The natural process of engaging your motor cortex is always available to you… I know you have other things to attend to.
It’s just a process and as far as I know most of us have the ability to engage in the process since it primarily activates your motor cortex, which has been called your highest learning center.
You can continue to learn and generate new brain cells. Neurogenesis and neural plasticity perhaps becomes of interest as you age, unless you already engage the process everyday. If you are, yoohoo, you’re way ahead of most people as the mass understanding of this process hasn’t reached them, yet!
Somatics is merely applied neurogenesis.
*Pay attention to how you move*
Practicing Somatics is a matter of paying attention to how you manipulate yourself in the field of gravity. How you contend or float in the field of gravity is known to you by the signals your body generates. You can become more One with the field of gravity. No this isn’t airy fairy stuff, I mean you can continually fight gravity and keep kicking yourself in the pants, which would naturally lead to tighter hamstrings and a sore back.
*Use your self-correcting brain and mind*
The power lies in your brain to self-correct, adapt accordingly, merely by spending some time in your self. When you practice the variety of movements which are offered in the Somatics classes or through your understanding and application of Somatics, your brain feeds off of these differentiated patterns to present you with possibilities of change in your habit of movement.
Your habitual and repetitive patterns lead to some of the negative results you encounter over and over.

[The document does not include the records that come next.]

(* Under the standing assumptions below, for every position $\mathbf v\in\mathsf{P}$, either $\mathrm{val}(\mathbf v)=\mathsf{\Omega}$ or $\mathrm{val}(\mathbf v)<\omega_1$ (the first uncountable ordinal).
   Context: Standing assumptions: $(\mathcal{X}_t)_{t\ge1}$ Polish, $(\mathcal{Y}_t)_{t\ge1}$ countable; game: in round $t$, $\mathrm{P_A}$ plays $x_t\in\mathcal{X}_t$ then $\mathrm{P_L}$ plays $y_t\in\mathcal{Y}_t$; $\mathrm{P_L}$ wins iff the play lies in $\mathsf{W}\subseteq\prod_{t\ge1}(\mathcal{X}_t\times\mathcal{Y}_t)$, where $\mathsf{W}$ is coanalytic and finitely decidable (every element of $\mathsf{W}$ has a finite prefix all of whose continuations lie in $\mathsf{W}$); $\mathrm{P_L}$ has a winning strategy. Definitions: $\mathsf{P}_n=\prod_{t=1}^n(\mathcal{X}_t\times\mathcal{Y}_t)$ (with $\mathsf P_0=\{\varnothing\}$), $\mathsf{P}=\bigcup_{n\ge0}\mathsf{P}_n$ (positions). A position $\mathbf v\in\mathsf P_n$ is active if some continuation $\mathbf w\in\prod_{t>n}(\mathcal{X}_t\times\mathcal{Y}_t)$ has $(\mathbf v,\mathbf w)\notin\mathsf{W}$; $\mathsf A_n\subseteq\mathsf P_n$ is the set of active positions, $\mathsf A=\bigcup_n\mathsf A_n$. For $\mathbf v\in\mathsf P_k$, a decision tree of depth $n$ with starting position $\mathbf v$ is a collection $\mathbf t=\{x_{\mathbf y}\in\mathcal{X}_{k+s+1}:\mathbf y\in\prod_{r=k+1}^{k+s}\mathcal{Y}_r,\ 0\le s<n\}$ ($\mathbf t=\varnothing$ is the tree of depth 0); it is active if $(\mathbf v,x_\varnothing,y_{k+1},x_{y_{k+1}},y_{k+2},\ldots,x_{y_{k+1},\ldots,y_{k+n-1}},y_{k+n})\in\mathsf A_{k+n}$ for all $(y_{k+1},\ldots,y_{k+n})\in\prod_{r=k+1}^{k+n}\mathcal{Y}_r$. $\mathsf T^{\mathsf A}_{\mathbf v}$ is the set of active trees (of all finite depths) with starting position $\mathbf v$. On it, $\mathbf t'\prec_{\mathbf v}\mathbf t$ iff $\mathbf t$ is obtained from $\mathbf t'$ by removing its leaves (deepest level). A relation is well-founded if every nonempty subset has a minimal element; its rank function is defined by transfinite recursion: $\rho(\mathbf t)=0$ if $\mathbf t$ is minimal, otherwise $\rho(\mathbf t)=\sup\{\rho(\mathbf t')+1:\mathbf t'\prec\mathbf t\}$. Adjoin symbols $-1<$ every ordinal $<\mathsf{\Omega}$. The game value $\mathrm{val}:\mathsf P\to\mathrm{ORD}\cup\{-1,\mathsf\Omega\}$ is: $\mathrm{val}(\mathbf v)=-1$ if $\mathbf v\notin\mathsf A$; $\mathrm{val}(\mathbf v)=\mathsf\Omega$ if $\mathbf v\in\mathsf A$ and $\prec_{\mathbf v}$ is not well-founded; otherwise $\mathrm{val}(\mathbf v)=\rho_{\prec_{\mathbf v}}(\varnothing)$. *)

theory Defs
  imports "HOL-Analysis.Analysis"
begin
(* For any planar weighted graph $(G,x)$ and any set of dual edges $\varkappa\subset E(G^* )$, $$\sum_{P\in\mathcal E(G)}(-1)^{\varkappa\cdot P}x(P)=(-1)^{|\varkappa|}\sum_{D\in\mathcal D(G^K)}(-1)^{t(D)}(-1)^{\varkappa\cdot D}x^K(D).$$
   Context: Let $G$ be a finite connected graph embedded in the plane, with edge weights $x=(x_e)$. Let $\vec E(G)$ be the set of oriented edges, with origin $o(e)$ and reversal $\bar e$. $\mathcal E(G)$ is the set of even subgraphs and $x(P)=\prod_{e\in P}x_e$. $G^*$ is the planar dual and $e^*$ the dual of $e$. Terminal graph $G^K$. Its vertex set is $\vec E(G)$. It has long edges $\{e,\bar e\}$ of weight $1$, and short edges $\{e,e'\}$ of weight $(x_ex_{e'})^{1/2}$ for each pair $e\ne e'$ with $o(e)=o(e')$. $\mathcal D(G^K)$ is the set of its perfect matchings and $x^K(D)$ the product of the weights of the edges of $D$. $t(D)$ is the number of pairs of short edges of $D$ at the same vertex $v$ whose endpoints interlace in the cyclic order around $v$. Intersection counts. $|\varkappa|$ is the number of edges in $\varkappa$. $\varkappa\cdot P$ is the number of $e\in P$ with $e^*\in\varkappa$. $\varkappa\cdot D$ is the number of long edges $\{e,\bar e\}\in D$ whose underlying edge of $G$ has its dual in $\varkappa$. *)

theory Defs
  imports Complex_Main
begin

text \<open>A planar embedded graph is encoded as a combinatorial map (rotation system):
  a finite set H of darts (oriented edges), the reversal involution alpha
  (e to e-bar) and the rotation sigma, giving the cyclic (counterclockwise) order
  of the darts around their common origin.\<close>

definition orb :: "('d \<Rightarrow> 'd) \<Rightarrow> 'd \<Rightarrow> 'd set" where
  "orb f d = {(f ^^ n) d | n. True}"

definition origin :: "('d \<Rightarrow> 'd) \<Rightarrow> 'd \<Rightarrow> 'd set" where
  "origin \<sigma> d = orb \<sigma> d"

definition edge_of :: "('d \<Rightarrow> 'd) \<Rightarrow> 'd \<Rightarrow> 'd set" where
  "edge_of \<alpha> d = {d, \<alpha> d}"

definition map_edges :: "'d set \<Rightarrow> ('d \<Rightarrow> 'd) \<Rightarrow> 'd set set" where
  "map_edges H \<alpha> = edge_of \<alpha> ` H"

definition map_verts :: "'d set \<Rightarrow> ('d \<Rightarrow> 'd) \<Rightarrow> 'd set set" where
  "map_verts H \<sigma> = origin \<sigma> ` H"

definition map_faces :: "'d set \<Rightarrow> ('d \<Rightarrow> 'd) \<Rightarrow> ('d \<Rightarrow> 'd) \<Rightarrow> 'd set set" where
  "map_faces H \<alpha> \<sigma> = orb (\<sigma> \<circ> \<alpha>) ` H"

definition comb_map :: "'d set \<Rightarrow> ('d \<Rightarrow> 'd) \<Rightarrow> ('d \<Rightarrow> 'd) \<Rightarrow> bool" where
  "comb_map H \<alpha> \<sigma> \<longleftrightarrow> finite H \<and> H \<noteq> {} \<and>
     (\<forall>d\<in>H. \<alpha> d \<in> H \<and> \<alpha> (\<alpha> d) = d \<and> \<alpha> d \<noteq> d) \<and> bij_betw \<sigma> H H"

definition connected_map :: "'d set \<Rightarrow> ('d \<Rightarrow> 'd) \<Rightarrow> ('d \<Rightarrow> 'd) \<Rightarrow> bool" where
  "connected_map H \<alpha> \<sigma> \<longleftrightarrow>
     (\<forall>d\<in>H. \<forall>d'\<in>H. (\<lambda>a b. b = \<alpha> a \<or> b = \<sigma> a)\<^sup>*\<^sup>* d d')"

definition planar_map :: "'d set \<Rightarrow> ('d \<Rightarrow> 'd) \<Rightarrow> ('d \<Rightarrow> 'd) \<Rightarrow> bool" where
  "planar_map H \<alpha> \<sigma> \<longleftrightarrow> comb_map H \<alpha> \<sigma> \<and> connected_map H \<alpha> \<sigma> \<and>
     int (card (map_verts H \<sigma>)) - int (card (map_edges H \<alpha>))
       + int (card (map_faces H \<alpha> \<sigma>)) = 2"

text \<open>Dual map: same darts and reversal, rotation sigma o alpha (faces become vertices).
  The dual edge e* of e = {d, alpha d} is the alpha-orbit {d, alpha d} of the dual map,
  i.e. the same set of darts.\<close>
definition dual_rot :: "('d \<Rightarrow> 'd) \<Rightarrow> ('d \<Rightarrow> 'd) \<Rightarrow> ('d \<Rightarrow> 'd)" where
  "dual_rot \<alpha> \<sigma> = \<sigma> \<circ> \<alpha>"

*Differentiate your movements*
Differentiation provides an avenue to more integrated, more coordinated, more balanced and efficient movement itself. You’ll know how, when, and at what speed, in order to move more cohesively.
So as I said, learning to move with greater ease isn’t easy, but it’s very simple once you get the hang of the process.
The antidote for discomfort, pain, aches, soreness, etc, lies between your ears.
Engaging the process is not under your nose, it’s in it.